Biz

Mittwoch, 30. Januar 2008

Jeansfee, Network Marketing und mangelndes Wissen

In den letzten Wochen sind mir wieder mal Menschen untergekommen, die meinen, sie könnten die Welt mit ihrer Unwissenheit auf den Kopf stellen.

Sie rennen stur mit voller Wucht gegen die Wand und akzeptieren weder TATSACHEN, FAKTEN noch die Realität und leben in ihrer virtuellen Scheinwelt - mehr oder weniger - dahin.

Im Glauben, dass MANN im world wide web anonym ist, posten sie in ihren virtuellen Wohnzimmern geistigen ***** und prahlen damit auch noch herum.

Lustig... lustig... lustig...

Nun, bevor man sich zu diversen Themen äussert, sollte man sich SICHER sein, dass man auch auf dem aktuellen Wissenstand ist und niemanden mit Altertumswissen beeindrucken kann - ausser natürlich seinesgleichen ;-)

Network-Markting ist heute nicht mehr aus der Geschäftswelt wegzudenken und bietet sehr vielen Menschen die Möglichkeit, sich eine eigene Existenz aufzubauen.

Was ist eigentlich Network-Marketing?

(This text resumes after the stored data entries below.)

theorem lemma3:
  fixes M :: "'a measure" and \<xi> :: "nat \<Rightarrow> 'a \<Rightarrow> real"
    and m :: nat and \<omega> :: "nat \<Rightarrow> real"
  assumes "prob_space M"
    and "prob_space.indep_vars M (\<lambda>_. borel) \<xi> UNIV"
    and "\<And>k. distributed M lborel (\<xi> k) (exponential_density 1)"
    and "m \<ge> 1"
    and "filterlim \<omega> at_top sequentially"
    and "\<And>n. \<omega> n \<le> ln (real n)"
  shows "\<exists>\<epsilon> :: nat \<Rightarrow> real. \<epsilon> \<longlonglongrightarrow> 0 \<and>
    (\<lambda>n. measure M {x \<in> space M. \<forall>i::nat. ln (real n) ^ 3 \<le> real i \<and> i \<le> n \<longrightarrow>
        Bv m n (\<omega> n) \<xi> i x \<le> \<epsilon> n * Wv m n \<xi> i x / ln (real n)}) \<longlonglongrightarrow> 1"
proof -
  interpret prob_space M by (rule assms(1))
  let ?P = "\<lambda>n. prob {x \<in> space M. \<forall>i::nat. ln (real n) ^ 3 \<le> real i \<and> i \<le> n \<longrightarrow>
        Bv m n (\<omega> n) \<xi> i x \<le> 2 / ln (real n) * Wv m n \<xi> i x / ln (real n)}"
  have "?P \<longlonglongrightarrow> 1"
  proof (rule tendsto_sandwich)
    have "eventually (\<lambda>n. 1 \<le> ln (real n)) sequentially" by real_asymp
    then show "eventually (\<lambda>n. 1 - (1 / (real n + 1) + 16 / ln (real n) ^ 3
        + (1 + ln (real n)) / ln (real n) ^ 2) \<le> ?P n) sequentially"
      by eventually_elim (rule bound_prob_for_fixed_n[OF assms(2-4)])
    show "(\<lambda>n. 1 - (1 / (real n + 1) + 16 / ln (real n) ^ 3
        + (1 + ln (real n)) / ln (real n) ^ 2)) \<longlonglongrightarrow> 1"
      by real_asymp
  qed auto
  moreover have "(\<lambda>n. 2 / ln (real n)) \<longlonglongrightarrow> 0" by real_asymp
  ultimately show ?thesis by blast
qed

end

Und warum wird es noch immer von der Seite belächelt?

Network-Marketing ist eine besonders erfolgreiche Form des Direktvertriebs und besteht im Aufbau von Netzwerken weiterer Unternehmer/Partner (Multi-Level-Marketing). Solche Systeme sind rechtlich unbedenklich und ganz klar abzugrenzen von wettbewerbswidrigen Vertriebssystemen wie Schneeball- oder Pyramidenspielen. Unseriöse Anbieter versuchen allerdings immer wieder, unzulässige Systeme zu verschleiern, indem sie sich den Anschein eines legalen Direktvertriebs geben.

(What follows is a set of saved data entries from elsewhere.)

(* Let $d \ge 1$, $\sigma>0$, $\beta>0$, and $\mathbf{p}\in\mathbb{Z}^d$. Let $H:\mathbb{R}^d\to\mathbb{Z}^d$ be the quantization map $H(\mathbf{x}) = \lfloor \mathbf{x} + \mathbf{0.5}\rfloor$, where the floor is applied coordinatewise and $\mathbf{0.5}=(0.5,\dots,0.5)$. Let $\mathbf{x}\sim\mathcal{N}(\mathbf{p},\sigma^2\mathbf{I}_d)$ (a natural query) and, independently, $\boldsymbol{\delta}\sim\mathcal{N}(0,\beta^2\mathbf{I}_d)$ (a perturbation), so that $\mathbf{x}+\boldsymbol{\delta}$ is an attack query. Define the false positive rate $\alpha^{fp} = \mathbb{P}[H(\mathbf{x})\neq \mathbf{p}]$ and the detection rate $\alpha^{det} = \mathbb{P}[H(\mathbf{x}+\boldsymbol{\delta}) = H(\mathbf{x})]$. Then $$\alpha^{det} \le 1 - \bigl(2 - 2\Phi(0.5\,\beta^{-1})\bigr)^d\,(1-\alpha^{fp}),$$ where $\Phi$ is the cumulative distribution function of the standard normal distribution $\mathcal{N}(0,1)$.
   Context: Toy model of a stateful defense: a query is flagged as an attack query if and only if its feature vector $H(\cdot)$ is exactly equal to that of a prior query; here the prior query is the natural query $\mathbf{x}$, and a natural query is counted as correctly (non-falsely) handled when $H(\mathbf{x})=\mathbf{p}$, so $1-\alpha^{fp}=\mathbb{P}[H(\mathbf{x})=\mathbf{p}]$. *)

theory Defs
  imports "HOL-Probability.Probability"
begin

definition gauss_vec :: "real^'d \<Rightarrow> real \<Rightarrow> (real^'d) measure" where
  "gauss_vec m s = density lborel (\<lambda>x. \<Prod>i\<in>UNIV. normal_density (m$i) s (x$i))"

definition quantH :: "real^'d \<Rightarrow> int^'d" where
  "quantH x = (\<chi> i. \<lfloor>x$i + 1/2\<rfloor>)"

definition Phi :: "real \<Rightarrow> real" where
  "Phi = cdf (density lborel std_normal_density)"

definition joint_law :: "int^'d \<Rightarrow> real \<Rightarrow> real \<Rightarrow> ((real^'d) \<times> (real^'d)) measure" where
  "joint_law p \<sigma> \<beta> = gauss_vec (\<chi> i. of_int (p$i)) \<sigma> \<Otimes>\<^sub>M gauss_vec 0 \<beta>"

definition alpha_fp :: "int^'d \<Rightarrow> real \<Rightarrow> real" where
  "alpha_fp p \<sigma> = measure (gauss_vec (\<chi> i. of_int (p$i)) \<sigma>) {x. quantH x \<noteq> p}"

definition alpha_det :: "int^'d \<Rightarrow> real \<Rightarrow> real \<Rightarrow> real" where
  "alpha_det p \<sigma> \<beta> = measure (joint_law p \<sigma> \<beta>) {(x, \<delta>). quantH (x + \<delta>) = quantH x}"

end

theory Submission
  imports Defs
begin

Das Gesetzt gegen den unlauteren Wettbewerb (UWG) verbietet grundsätzlich den Abschluss von Verträgen nach dem Pyramiden- bzw. Schneeballsystem. Bei letzterem wird vereinbart, dass ein Kunde gegen ein unbedingt leistendes Entgelt einen vorteil (zB eine Ware) unter der Bedingung erhält, dass der Kunde weitere Abnehmer gewinnt, die mit dem Unternehmer in ein gleiches Vertragsverhältnis treten. Das Pyramidenspiel funktioniert gleich, nur tritt dort der Kunde nicht mit dem Unternehmer, sondern mit dem jeweils Anwerbenden in ein Vertragsverhältnis.

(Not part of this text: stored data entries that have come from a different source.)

lemma sampling_design_exists:
  obtains q :: nat and tp :: "nat \<Rightarrow> real" and W :: "'m \<Rightarrow> nat \<Rightarrow> real"
  where "\<forall>l<q. tp l \<in> T" "\<forall>l l'. l < l' \<and> l' < q \<longrightarrow> tp l < tp l'"
    "\<forall>k. (\<Sum>l<q. W k l *\<^sub>R \<phi> (tp l)) = axis k 1"
proof -
  obtain q :: nat and tp :: "nat \<Rightarrow> real" where tp: "\<forall>l<q. tp l \<in> T"
    "\<forall>l l'. l < l' \<and> l' < q \<longrightarrow> tp l < tp l'" and spans: "\<forall>v. \<exists>w. v = (\<Sum>l<q. w l *\<^sub>R \<phi> (tp l))"
    by (rule finite_spanning_points[OF span_phi])
  have "\<forall>k. \<exists>w. (\<Sum>l<q. w l *\<^sub>R \<phi> (tp l)) = axis k 1"
    using spans by (metis (no_types))
  then obtain W where "\<forall>k. (\<Sum>l<q. W k l *\<^sub>R \<phi> (tp l)) = axis k 1"
    unfolding choice_iff by blast
  with tp that show thesis
    by blast
qed

lemma square_integrable_phi: "square_integrable lborel (\<lambda>t. indicator T t * \<phi> t $ k)"
  using sq_int_phi by (simp add: sq_int_iff_square_integrable)

lemma phi_comb_nth: "phi_comb V t $ j = (\<Sum>k\<in>UNIV. V $ k $ j * \<phi> t $ k)"
  unfolding phi_comb_def by (simp add: matrix_vector_mult_def transpose_def)

lemma indicator_phi_comb_nth:
  "indicator T t * phi_comb V t $ j = (\<Sum>k\<in>UNIV. V $ k $ j * (indicator T t * \<phi> t $ k))"
  by (simp add: phi_comb_nth sum_distrib_left mult.left_commute)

Wo liegen die Unterschiede zwischen MLM und Pyramidenspiel?


1. Beim Pyramidenspiel steht das Anwerben von Personen im Vordergrund, beim Direktvertrieb der Produktverkauf. Beim Kettenbrief ist das leicht zu erkennen - er Brief ist nur Mittel zum Zweck und hat keinen eigenen Wert. Das gilt auch für den immer wieder auftretenden pyramidenartigen Emailversand von Dateien.

2. Beim Pyramidenspiel ist ein bloßer Kauf OHNE Anwerben von Kunden nicht möglich. Da hier KEIN Produkt im Vordergrund steht, hätte der bloße Kauf keinen Sinn, die Gewinnerzielung wird ja nur über das Anwerben erreicht (Kopfgeld).

Im Direktvertrieb steht der Kauf meist hochwertiger Ware im Vordergrund, ein Anwerben ist keine Bedingung.

3. Beim Pyramidenspiel muss der Kunde UNBEDINGT ein Entgelt leisten - könnte er es zurückverlangen, würde das System nicht funktionieren und schon am Beginn zusammenbrechen.

Im Direktvertrieb hat der Kunde GEWÄHRLEISTUNGS- UND RÜCKTRITTSRECHTE, er kann die Ware UMTAUSCHEN oder zurückgeben.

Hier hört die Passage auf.